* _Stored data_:
------------------------------
lemma vertex_unmap_vertex_map:
  assumes "v \<in> coset_vertices G \<P>"
  shows "vertex_unmap (vertex_map v) = v"
proof -
  obtain g P where gP: "g \<in> carrier G" "P \<in> \<P>" "v = (P, g <#\<^bsub>G\<^esub> P)" using assms by (rule coset_vertexE)
  have P_coset: "P = \<one>\<^bsub>G\<^esub> <#\<^bsub>G\<^esub> P"
    using G.lcos_mult_one[OF subgroup.subset[OF subgroup_family[OF gP(2)]]] by simp
  show ?thesis
  proof (cases "N \<subseteq> P")
    case True
    have "P = carrier G \<inter> q -` q ` P" and "g <#\<^bsub>G\<^esub> P = carrier G \<inter> q -` q ` (g <#\<^bsub>G\<^esub> P)"
      using coset_eq_vimage_image[OF gP(2) True G.one_closed] coset_eq_vimage_image[OF gP(2) True gP(1)]
      unfolding P_coset[symmetric] by simp_all
    then show ?thesis using True unfolding gP(3) vertex_map_def vertex_unmap_def by simp
  next
    case False
    have "P = (P \<inter> N) <#>\<^bsub>G\<^esub> H" and "g <#\<^bsub>G\<^esub> P = ((g <#\<^bsub>G\<^esub> P) \<inter> N) <#>\<^bsub>G\<^esub> H"
      using coset_eq_Int_N_mult_H[OF gP(2) False G.one_closed] coset_eq_Int_N_mult_H[OF gP(2) False gP(1)]
      unfolding P_coset[symmetric] by simp_all
    then show ?thesis using False unfolding gP(3) vertex_map_def vertex_unmap_def by simp
  qed
qed

lemma inj_on_vertex_map: "inj_on vertex_map (coset_vertices G \<P>)"
  using vertex_unmap_vertex_map by (rule inj_on_inverseI)

abbreviation quotient_family :: "'b set set" where
  "quotient_family \<equiv> {q ` P | P. P \<in> \<P> \<and> N \<subseteq> P}"

abbreviation kernel_family :: "'a set set" where
  "kernel_family \<equiv> {P \<inter> N | P. P \<in> \<P> \<and> S - N \<subseteq> P}"

lemma quotient_vertex:
  assumes "g \<in> carrier G" "P \<in> \<P>" "N \<subseteq> P"
  shows "(q ` P, q ` (g <#\<^bsub>G\<^esub> P)) \<in> coset_vertices Q quotient_family"
proof -
  have "q ` (g <#\<^bsub>G\<^esub> P) = q g <#\<^bsub>Q\<^esub> q ` P"
    using image_l_coset[OF subgroup.subset[OF subgroup_family[OF assms(2)]] assms(1)] .
  moreover have "q g \<in> carrier Q" using assms(1) by simp
  ultimately show ?thesis using assms(2,3) unfolding coset_vertices_def by blast
qed

lemma kernel_vertex:
  assumes "n \<in> N" "P \<in> \<P>" "S - N \<subseteq> P"
  shows "(P \<inter> N, (n <#\<^bsub>G\<^esub> P) \<inter> N) \<in> coset_vertices (G\<lparr>carrier := N\<rparr>) kernel_family"
proof -
  have "(n <#\<^bsub>G\<^esub> P) \<inter> N = n <#\<^bsub>G\<lparr>carrier := N\<rparr>\<^esub> (P \<inter> N)"
    using G.l_coset_Int_subgroup[OF subgroup_family[OF assms(2)] N_subgroup assms(1)] by simp
  moreover have "P \<inter> N \<in> kernel_family" using assms(2,3) by blast
  ultimately show ?thesis using assms(1) unfolding coset_vertices_def by auto
qed

lemma coset_meets_N:
  assumes "g \<in> carrier G" "P \<in> \<P>" "\<not> N \<subseteq> P"
  obtains n where "n \<in> N" "g <#\<^bsub>G\<^esub> P = n <#\<^bsub>G\<^esub> P"
proof -
  have "g \<in> ((g <#\<^bsub>G\<^esub> P) \<inter> N) <#>\<^bsub>G\<^esub> H"
    using G.lcos_self[OF assms(1) subgroup_family[OF assms(2)]] coset_eq_Int_N_mult_H[OF assms(2,3,1)]
    by simp
  then obtain n where "n \<in> g <#\<^bsub>G\<^esub> P" "n \<in> N" unfolding set_mult_def by blast
  then show ?thesis
    using that G.l_repr_independence[OF _ assms(1) subgroup_family[OF assms(2)]] by blast
qed

lemma vertex_map_mem:
  assumes "v \<in> coset_vertices G \<P>"
  shows "vertex_map v \<in>
    Inl ` coset_vertices Q quotient_family \<union> Inr ` coset_vertices (G\<lparr>carrier := N\<rparr>) kernel_family"
proof -
  obtain g P where gP: "g \<in> carrier G" "P \<in> \<P>" "v = (P, g <#\<^bsub>G\<^esub> P)" using assms by (rule coset_vertexE)
  show ?thesis
  proof (cases "N \<subseteq> P")
    case True
    then show ?thesis using quotient_vertex[OF gP(1,2) True] gP(3) unfolding vertex_map_def by simp
  next
    case False
    obtain n where n: "n \<in> N" "g <#\<^bsub>G\<^esub> P = n <#\<^bsub>G\<^esub> P" using coset_meets_N[OF gP(1,2) False] .
    have "S - N \<subseteq> P" using dichotomy[OF gP(2)] False by blast
    then show ?thesis using kernel_vertex[OF n(1) gP(2)] False n(2) gP(3) unfolding vertex_map_def by simp
  qed
qed

lemma quotient_vertex_in_image:
  assumes "a \<in> coset_vertices Q quotient_family"
  shows "Inl a \<in> vertex_map ` coset_vertices G \<P>"
proof -
  obtain y P where yP: "y \<in> carrier Q" "P \<in> \<P>" "N \<subseteq> P" "a = (q ` P, y <#\<^bsub>Q\<^esub> q ` P)"
    using assms unfolding coset_vertices_def by blast
  obtain g where g: "g \<in> carrier G" "y = q g" using yP(1) surj by auto
  have "Inl a = vertex_map (P, g <#\<^bsub>G\<^esub> P)"
    using yP g image_l_coset[OF subgroup.subset[OF subgroup_family[OF yP(2)]] g(1)]
    unfolding vertex_map_def by simp
  moreover have "(P, g <#\<^bsub>G\<^esub> P) \<in> coset_vertices G \<P>" using g(1) yP(2) unfolding coset_vertices_def by blast
  ultimately show ?thesis by blast
qed

lemma kernel_vertex_in_image:
  assumes "b \<in> coset_vertices (G\<lparr>carrier := N\<rparr>) kernel_family"
  shows "Inr b \<in> vertex_map ` coset_vertices G \<P>"
proof -
  obtain n P where nP: "n \<in> N" "P \<in> \<P>" "S - N \<subseteq> P" "b = (P \<inter> N, n <#\<^bsub>G\<^esub> (P \<inter> N))"
    using assms unfolding coset_vertices_def by auto
  have "Inr b = vertex_map (P, n <#\<^bsub>G\<^esub> P)"
    using nP not_N_subset[OF nP(2,3)] G.l_coset_Int_subgroup[OF subgroup_family[OF nP(2)] N_subgroup nP(1)]
    unfolding vertex_map_def by simp
  moreover have "(P, n <#\<^bsub>G\<^esub> P) \<in> coset_vertices G \<P>"
    using subgroup.mem_carrier[OF N_subgroup nP(1)] nP(2) unfolding coset_vertices_def by blast
  ultimately show ?thesis by blast
qed

lemma image_vertex_map:
  "vertex_map ` coset_vertices G \<P> =
     Inl ` coset_vertices Q quotient_family \<union> Inr ` coset_vertices (G\<lparr>carrier := N\<rparr>) kernel_family"
  using vertex_map_mem quotient_vertex_in_image kernel_vertex_in_image by blast

lemma Inter_coset_vertices_nonempty_iff:
  assumes \<sigma>: "\<sigma> \<subseteq> coset_vertices G \<P>"
  shows "\<Inter>(snd ` \<sigma>) \<noteq> {} \<longleftrightarrow>
    \<Inter>((\<lambda>v. q ` snd v) ` {v \<in> \<sigma>. N \<subseteq> fst v}) \<noteq> {} \<and>
    \<Inter>((\<lambda>v. snd v \<inter> N) ` {v \<in> \<sigma>. \<not> N \<subseteq> fst v}) \<noteq> {}"
    (is "?common \<longleftrightarrow> ?quotient \<and> ?kernel")
proof
  assume ?common
  then obtain x where x: "\<And>v. v \<in> \<sigma> \<Longrightarrow> x \<in> snd v" by blast
  show "?quotient \<and> ?kernel"
  proof (cases "\<sigma> = {}")
    case False
    then obtain v0 where "v0 \<in> \<sigma>" by blast
    then have "x \<in> carrier G" using x snd_coset_vertex_subset \<sigma> by blast
    then obtain m h where mh: "m \<in> N" "h \<in> H" "x = m \<otimes>\<^bsub>G\<^esub> h" by (rule N_H_decomposition)
    have "q x \<in> \<Inter>((\<lambda>v. q ` snd v) ` {v \<in> \<sigma>. N \<subseteq> fst v})" using x by blast
    moreover have "m \<in> snd v" if "v \<in> \<sigma>" "\<not> N \<subseteq> fst v" for v
      using mult_mem_coset_vertex_iff[OF subsetD[OF \<sigma> that(1)] mh(1,2)] x[OF that(1)] mh(3) that(2)
      by simp
    then have "m \<in> \<Inter>((\<lambda>v. snd v \<inter> N) ` {v \<in> \<sigma>. \<not> N \<subseteq> fst v})" using mh(1) by blast
    ultimately show ?thesis by blast
  qed simp
next
  assume "?quotient \<and> ?kernel"
  then have quotient: ?quotient and kernel: ?kernel by blast+
  have image_sub: "q ` snd v \<subseteq> carrier Q" if "v \<in> {v \<in> \<sigma>. N \<subseteq> fst v}" for v
  proof -
    have "snd v \<subseteq> carrier G" using snd_coset_vertex_subset that \<sigma> by blast
    then show ?thesis by auto
  qed
  obtain y where y: "y \<in> carrier Q" "\<And>v. v \<in> {v \<in> \<sigma>. N \<subseteq> fst v} \<Longrightarrow> y \<in> q ` snd v"
    using Inter_nonempty_obtain_in[OF quotient image_sub hom_closed[OF G.one_closed]] by blast
  obtain m where m: "m \<in> N" "\<And>v. v \<in> {v \<in> \<sigma>. \<not> N \<subseteq> fst v} \<Longrightarrow> m \<in> snd v \<inter> N"
    using Inter_nonempty_obtain_in[OF kernel Int_lower2 subgroup.one_closed[OF N_subgroup]] by blast
  obtain h where h: "h \<in> H" "q h = y" using y(1) image_H_eq_carrier by (metis imageE)
  have "m \<otimes>\<^bsub>G\<^esub> h \<in> snd v" if "v \<in> \<sigma>" for v
    using mult_mem_coset_vertex_iff[OF subsetD[OF \<sigma> that] m(1) h(1)] y(2) m(2) h(2) that
    by simp
  then show ?common by blast
qed

lemma vimage_Inl_vertex_map:
  "Inl -` vertex_map ` \<sigma> = (\<lambda>v. (q ` fst v, q ` snd v)) ` {v \<in> \<sigma>. N \<subseteq> fst v}"
  unfolding vertex_map_def by (auto split: if_splits)

lemma vimage_Inr_vertex_map:
  "Inr -` vertex_map ` \<sigma> = (\<lambda>v. (fst v \<inter> N, snd v \<inter> N)) ` {v \<in> \<sigma>. \<not> N \<subseteq> fst v}"
  unfolding vertex_map_def by (auto split: if_splits)

lemma vertex_map_simplex_iff:
  assumes \<sigma>: "\<sigma> \<subseteq> coset_vertices G \<P>"
  shows "\<sigma> \<in> coset_complex G \<P> \<longleftrightarrow> vertex_map ` \<sigma> \<in>
    simplicial_join (coset_complex Q quotient_family) (coset_complex (G\<lparr>carrier := N\<rparr>) kernel_family)"
proof -
  have fin: "finite \<sigma> \<longleftrightarrow> finite (Inl -` vertex_map ` \<sigma>) \<and> finite (Inr -` vertex_map ` \<sigma>)"
    using finite_image_iff[OF inj_on_subset[OF inj_on_vertex_map \<sigma>]] finite_iff_vimage_Inl_Inr by blast
  have sub: "Inl -` vertex_map ` \<sigma> \<subseteq> coset_vertices Q quotient_family"
    "Inr -` vertex_map ` \<sigma> \<subseteq> coset_vertices (G\<lparr>carrier := N\<rparr>) kernel_family"
    using image_mono[OF \<sigma>, of vertex_map] unfolding image_vertex_map by auto
  have snd_vimage_Inl: "snd ` Inl -` vertex_map ` \<sigma> = (\<lambda>v. q ` snd v) ` {v \<in> \<sigma>. N \<subseteq> fst v}"
    unfolding vimage_Inl_vertex_map image_image by simp
  have snd_vimage_Inr: "snd ` Inr -` vertex_map ` \<sigma> = (\<lambda>v. snd v \<inter> N) ` {v \<in> \<sigma>. \<not> N \<subseteq> fst v}"
    unfolding vimage_Inr_vertex_map image_image by simp
  have "\<sigma> \<in> coset_complex G \<P> \<longleftrightarrow> finite \<sigma> \<and> \<sigma> \<noteq> {} \<and> \<Inter>(snd ` \<sigma>) \<noteq> {}"
    using \<sigma> unfolding coset_complex_eq by blast
  also have "\<dots> \<longleftrightarrow> vertex_map ` \<sigma> \<noteq> {} \<and>
      (finite (Inl -` vertex_map ` \<sigma>) \<and> \<Inter>(snd ` Inl -` vertex_map ` \<sigma>) \<noteq> {}) \<and>
      (finite (Inr -` vertex_map ` \<sigma>) \<and> \<Inter>(snd ` Inr -` vertex_map ` \<sigma>) \<noteq> {})"
    unfolding fin Inter_coset_vertices_nonempty_iff[OF \<sigma>] snd_vimage_Inl snd_vimage_Inr by blast
  also have "\<dots> \<longleftrightarrow> vertex_map ` \<sigma> \<in>
      simplicial_join (coset_complex Q quotient_family) (coset_complex (G\<lparr>carrier := N\<rparr>) kernel_family)"
    unfolding simplicial_join_def insert_empty_coset_complex using sub by auto
  finally show ?thesis .
qed

lemma image_coset_complex_vertex_map:
  "(`) vertex_map ` coset_complex G \<P> =
     simplicial_join (coset_complex Q quotient_family) (coset_complex (G\<lparr>carrier := N\<rparr>) kernel_family)"
proof (rule image_family_eqI)
  show "\<Union>(coset_complex G \<P>) \<subseteq> coset_vertices G \<P>" unfolding coset_complex_eq by blast
  show "\<Union>(simplicial_join (coset_complex Q quotient_family) (coset_complex (G\<lparr>carrier := N\<rparr>) kernel_family))
      \<subseteq> vertex_map ` coset_vertices G \<P>"
  proof
    fix t assume "t \<in> \<Union>(simplicial_join (coset_complex Q quotient_family)
                                         (coset_complex (G\<lparr>carrier := N\<rparr>) kernel_family))"
    then obtain s where s: "s \<in> simplicial_join (coset_complex Q quotient_family)
                                  (coset_complex (G\<lparr>carrier := N\<rparr>) kernel_family)" "t \<in> s"
      by blast
    then have "Inl -` s \<subseteq> coset_vertices Q quotient_family"
        "Inr -` s \<subseteq> coset_vertices (G\<lparr>carrier := N\<rparr>) kernel_family"
      unfolding simplicial_join_def insert_empty_coset_complex by auto
    then show "t \<in> vertex_map ` coset_vertices G \<P>"
      using s(2) unfolding image_vertex_map by (cases t) auto
  qed
qed (rule vertex_map_simplex_iff)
------------------------------
* _Task requirements_: After reading each line of the data, give only the number of lines that include the word "common".

* _Reply to the exercise_: 3